(Ô âme perdue ! Le début, c'est ici.)
Mon réveil sonne bien avant l'aube... Comme chaque matin depuis que je travaille, j'ai l'estomac noué et je ne déjeune pas. J'ai juste le temps de me brosser les dents, de me débarbouiller et d'enfiler en vitesse mes vêtements avant de prendre le chemin de la gare. Dehors, la météo s'est clairement rafraîchie. J'observe même les premières traces de gel nocturne. Le magnifique automne que nous avons eu depuis septembre m'avait presque fait oublier que l'été est déjà loin derrière nous... Cette journée de novembre sera une journée froide et – j'en fais le pari ! – elle sera aussi monotone que toutes les journées froides de novembre. Oui, mais si elle ne l'était pas ? Ou plutôt : et si je pouvais choisir qu'elle ne le soit pas ?

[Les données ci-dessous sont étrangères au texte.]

(* Let $K$ be a field, $\vartheta$ any one of the four types (left, right, pre-two-sided, two-sided), and $\mathcal A$ a $K$-algebra. Then $\mathcal A$ is $\vartheta$-quasi-stable if and only if either $\mathcal A\simeq K\times K$ (product algebra with componentwise operations) or $\mathcal A$ is a local $K$-algebra which is algebraic over $K$.
   Context: Algebras are associative, unital and nonzero. A local algebra is one with a unique maximal left ideal. $\mathcal A$ is algebraic over $K$ if every element is a root of a nonzero polynomial over $K$. A $K$-subspace $V$ of $\mathcal A$ is a left (resp. right) Mathieu subspace if whenever $a^m\in V$ for all $m\ge1$, then for every $b\in\mathcal A$, $ba^m\in V$ (resp. $a^mb\in V$) for all sufficiently large $m$; pre-two-sided if both left and right; two-sided if whenever $a^m\in V$ for all $m\ge1$, for all $b,c\in\mathcal A$, $ba^mc\in V$ for all sufficiently large $m$. $\mathcal A$ is $\vartheta$-quasi-stable if every $K$-subspace $V$ with $1\notin V$ is a $\vartheta$-Mathieu subspace of $\mathcal A$. *)

theory Defs
  imports "HOL-Computational_Algebra.Polynomial"
begin

text \<open>A (unital, associative, nonzero) K-algebra is modelled by a type 'b of class ring_1
  (which includes 0 \<noteq> 1) together with a ring homomorphism ofK from the field K into
  the centre of 'b; scalar multiplication c \<cdot> x is ofK c * x.\<close>

definition K_algebra :: "('a::field \<Rightarrow> 'b::ring_1) \<Rightarrow> bool" where
  "K_algebra ofK \<longleftrightarrow>
     (\<forall>c d. ofK (c + d) = ofK c + ofK d) \<and>
     (\<forall>c d. ofK (c * d) = ofK c * ofK d) \<and>
     ofK 1 = 1 \<and>
     (\<forall>c x. ofK c * x = x * ofK c)"

definition K_subspace :: "('a::field \<Rightarrow> 'b::ring_1) \<Rightarrow> 'b set \<Rightarrow> bool" where
  "K_subspace ofK V \<longleftrightarrow>
     0 \<in> V \<and> (\<forall>x\<in>V. \<forall>y\<in>V. x + y \<in> V) \<and> (\<forall>c. \<forall>x\<in>V. ofK c * x \<in> V)"

datatype mtype = LeftM | RightM | PreTwoSidedM | TwoSidedM

definition mathieu_subspace :: "mtype \<Rightarrow> ('a::field \<Rightarrow> 'b::ring_1) \<Rightarrow> 'b set \<Rightarrow> bool" where
  "mathieu_subspace \<theta> ofK V \<longleftrightarrow> K_subspace ofK V \<and>
     (case \<theta> of
        LeftM \<Rightarrow> (\<forall>a. (\<forall>m\<ge>1. a ^ m \<in> V) \<longrightarrow>
                    (\<forall>b. \<exists>N. \<forall>m\<ge>N. b * a ^ m \<in> V))
      | RightM \<Rightarrow> (\<forall>a. (\<forall>m\<ge>1. a ^ m \<in> V) \<longrightarrow>
                    (\<forall>b. \<exists>N. \<forall>m\<ge>N. a ^ m * b \<in> V))
      | PreTwoSidedM \<Rightarrow> (\<forall>a. (\<forall>m\<ge>1. a ^ m \<in> V) \<longrightarrow>
                    (\<forall>b. \<exists>N. \<forall>m\<ge>N. b * a ^ m \<in> V) \<and>
                    (\<forall>b. \<exists>N. \<forall>m\<ge>N. a ^ m * b \<in> V))
      | TwoSidedM \<Rightarrow> (\<forall>a. (\<forall>m\<ge>1. a ^ m \<in> V) \<longrightarrow>
                    (\<forall>b c. \<exists>N. \<forall>m\<ge>N. b * a ^ m * c \<in> V)))"

definition quasi_stable :: "mtype \<Rightarrow> ('a::field \<Rightarrow> 'b::ring_1) \<Rightarrow> bool" where
  "quasi_stable \<theta> ofK \<longleftrightarrow>
     (\<forall>V. K_subspace ofK V \<and> 1 \<notin> V \<longrightarrow> mathieu_subspace \<theta> ofK V)"

definition left_ideal :: "'b::ring_1 set \<Rightarrow> bool" where
  "left_ideal I \<longleftrightarrow> 0 \<in> I \<and> (\<forall>x\<in>I. \<forall>y\<in>I. x + y \<in> I) \<and> (\<forall>b. \<forall>x\<in>I. b * x \<in> I)"

definition maximal_left_ideal :: "'b::ring_1 set \<Rightarrow> bool" where
  "maximal_left_ideal M \<longleftrightarrow> left_ideal M \<and> M \<noteq> UNIV \<and>
     (\<forall>J. left_ideal J \<and> M \<subseteq> J \<and> J \<noteq> UNIV \<longrightarrow> J = M)"

definition local_ring :: "'b::ring_1 itself \<Rightarrow> bool" where
  "local_ring _ \<longleftrightarrow> (\<exists>!M::'b set. maximal_left_ideal M)"

definition peval :: "('a::field \<Rightarrow> 'b::ring_1) \<Rightarrow> 'a poly \<Rightarrow> 'b \<Rightarrow> 'b" where
  "peval ofK p x = (\<Sum>i\<le>degree p. ofK (coeff p i) * x ^ i)"

definition algebraic_over :: "('a::field \<Rightarrow> 'b::ring_1) \<Rightarrow> bool" where
  "algebraic_over ofK \<longleftrightarrow> (\<forall>x. \<exists>p. p \<noteq> 0 \<and> peval ofK p x = 0)"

Sur le quai numéro 11 de la gare de Bruxelles-Midi, j'attends mon train vers Liège. Ce dernier finit par arriver avec un retard de sept minutes (c'est clairement dans la moyenne). Dans le wagon, pour une raison que j'ignore, je réfléchis aux actes que nous posons dans la vie. Et aussi à la question du choix. Le libre arbitre existe-t-il vraiment ? un vieux débat... Pour le moment, j'ai plutôt tendance à penser que le libre arbitre n'est qu'une chimère ; que nous sommes déterminés par des forces qui nous dépassent totalement. Je ne suis pas responsable des battements de mon cœur ; ils peuvent s'arrêter à tout moment ; où se situe donc le libre arbitre au milieu de ces contraintes purement naturelles, physiques ?

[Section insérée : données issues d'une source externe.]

section \<open>Extreme eigenvalues\<close>

lemma finite_eigenvalues_symmetric:
  fixes A :: "real^'n^'n"
  assumes sym: "transpose A = A"
  shows "finite (eigenvalues A)"
proof -
  define f where "f t = (SOME u. u \<noteq> 0 \<and> A *v u = t *\<^sub>R u)" for t
  have f: "f t \<noteq> 0 \<and> A *v f t = t *\<^sub>R f t" if "t \<in> eigenvalues A" for t
  proof -
    have "\<exists>u. u \<noteq> 0 \<and> A *v u = t *\<^sub>R u"
      using that by (simp add: eigenvalues_def)
    then show ?thesis
      unfolding f_def by (rule someI_ex)
  qed
  have orth: "f s \<bullet> f t = 0" if "s \<in> eigenvalues A" "t \<in> eigenvalues A" "s \<noteq> t" for s t
  proof -
    have "s * (f s \<bullet> f t) = t * (f s \<bullet> f t)"
      using symmetric_matrix_inner[OF sym, of "f s" "f t"] f[OF that(1)] f[OF that(2)] by simp
    then show ?thesis
      using that(3) by simp
  qed
  have inj: "inj_on f (eigenvalues A)"
    by (rule inj_onI) (metis f inner_eq_zero_iff orth)
  have "pairwise orthogonal (f ` eigenvalues A)"
    unfolding pairwise_def orthogonal_def using orth by blast
  moreover have "0 \<notin> f ` eigenvalues A"
    using f by auto
  ultimately have "independent (f ` eigenvalues A)"
    by (rule pairwise_orthogonal_independent)
  then have "finite (f ` eigenvalues A)"
    using independent_bound by blast
  then show ?thesis
    using finite_image_iff[OF inj] by blast
qed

D'un autre côté, je me souviens également sans raison d'une phrase de mon chef, qu'il m'a lancée il y a plusieurs années, alors qu'il venait d'être nommé chef justement (le choix lui a été plus ou moins imposé) : "On n'a pas toujours le choix dans la vie ! On ne fait pas toujours ce que l'on veut !". Je lui avais répondu quelque chose du genre : "Si, justement ! On a toujours le choix." Par exemple, j'ai le choix de me rendre à mon travail ou de ne pas m'y rendre. Rien ne me lie réellement à quelque chose, si ce n'est une loi, une morale, une obligation familiale acceptée comme telle ou bien encore une contrainte financière... Si je veux les refuser, avec toutes les conséquences que ce refus comporte, je peux toujours le faire ! Dans le train me conduisant au boulot, une pensée s'imprime alors dans mon esprit : "Et si je n'avais pas pris le train aujourd'hui ? Et si j'avais fait tout autre chose de ma journée ?". Aurais-je posé un acte libre ? Peut-être mais je ne l'ai pas fait ! Et si je ne l'ai pas fait, c'est que je n'aurais pas pu le faire, déterminé que je suis par des forces qui me dépassent... Fatalisme, fatalisme !

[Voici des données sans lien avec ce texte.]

(* Let $\alpha=\sigma_1\sigma_2^{-1}\sigma_3^{-1}\in B_4$ and let $\lambda$ be the largest positive real root of $X^4-2X^3-2X+1$ (which equals $\mathrm{GR}(\alpha)$). Then $$\lambda>\sup\{R(B_\alpha(t_0)) : t_0\in\mathbb{C},\ |t_0|=1\},$$ i.e. the inequality of Theorem 1 is strict for this $\alpha$. Equivalently, for no $t_0$ with $|t_0|=1$ does the polynomial $X^3-(1-t_0-t_0^{-1})X^2+(t_0^{-2}-t_0^{-1}+1)X+t_0^{-1}$ have a root of modulus $\ge\lambda$.
   Context: $\alpha$ acts on $F_4$ (right action) by $(x_1)\alpha=x_1x_4x_1^{-1}$, $(x_2)\alpha=x_1$, $(x_3)\alpha=x_4^{-1}x_2x_4$, $(x_4)\alpha=x_4^{-1}x_3x_4$. $B_\alpha=(\varphi(\partial((x_i)\alpha)/\partial x_k))_{i,k}$ is its Burau matrix (Fox derivatives, $\varphi(x_i)=t$), whose characteristic polynomial is $(X-1)\big(X^3-(1-t-t^{-1})X^2+(t^{-2}-t^{-1}+1)X+t^{-1}\big)$; $B_\alpha(t_0)$ is its evaluation at $t=t_0$ and $R$ the spectral radius. *)

theory Defs
  imports "HOL-Analysis.Analysis" "Jordan_Normal_Form.Spectral_Radius"
begin

text \<open>Words in the free group F_4: a letter (i, True) is x_i, (i, False) is x_i^{-1}.\<close>
type_synonym fword = "(nat \<times> bool) list"

text \<open>Fox derivative with respect to x_k, followed by the abelianisation phi(x_i) = t,
  using the rule d(uv) = d(u) + u d(v).\<close>
fun fox_phi :: "complex \<Rightarrow> nat \<Rightarrow> fword \<Rightarrow> complex" where
  "fox_phi t k [] = 0"
| "fox_phi t k ((i, e) # w) =
     (if i = k then (if e then 1 else - inverse t) else 0)
     + (if e then t else inverse t) * fox_phi t k w"

definition alpha_img :: "nat \<Rightarrow> fword" where
  "alpha_img i = (if i = 1 then [(1, True), (4, True), (1, False)]
             else if i = 2 then [(1, True)]
             else if i = 3 then [(4, False), (2, True), (4, True)]
             else [(4, False), (3, True), (4, True)])"

text \<open>Burau matrix B_alpha(t) = (phi(d (x_i)alpha / d x_k))_{i,k}, indices shifted to 0..3.\<close>
definition burau_alpha :: "complex \<Rightarrow> complex mat" where
  "burau_alpha t = mat 4 4 (\<lambda>(i, k). fox_phi t (k + 1) (alpha_img (i + 1)))"

definition lambda_GR :: real where
  "lambda_GR = Max {x::real. x > 0 \<and> x ^ 4 - 2 * x ^ 3 - 2 * x + 1 = 0}"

À la pause-café de 9h30, à mon travail, je me mets à pleurer à chaudes larmes, sans raison apparente, et je m'enfuis en courant. Je dévale les marches deux par deux, traverse le bâtiment communal noir de monde en me cachant les yeux du mieux que je peux et sors prendre une bouffée d'air frais sur les quais bétonnés du bord de Meuse. Que m'arrive-t-il ? Me revient soudain en mémoire une partie du discours un rien moraliste que Mary m'a tenu il y a une dizaine de jours : "Tu n'es pas heureux en ce moment, Hamilton. Tu dis que ça va, mais en fait, ça ne va pas du tout ! Il est encore temps de changer, tu sais... Dans dix ans, ce sera beaucoup plus difficile !" Discours auquel j'avais répondu par un haussement d'épaules désabusé.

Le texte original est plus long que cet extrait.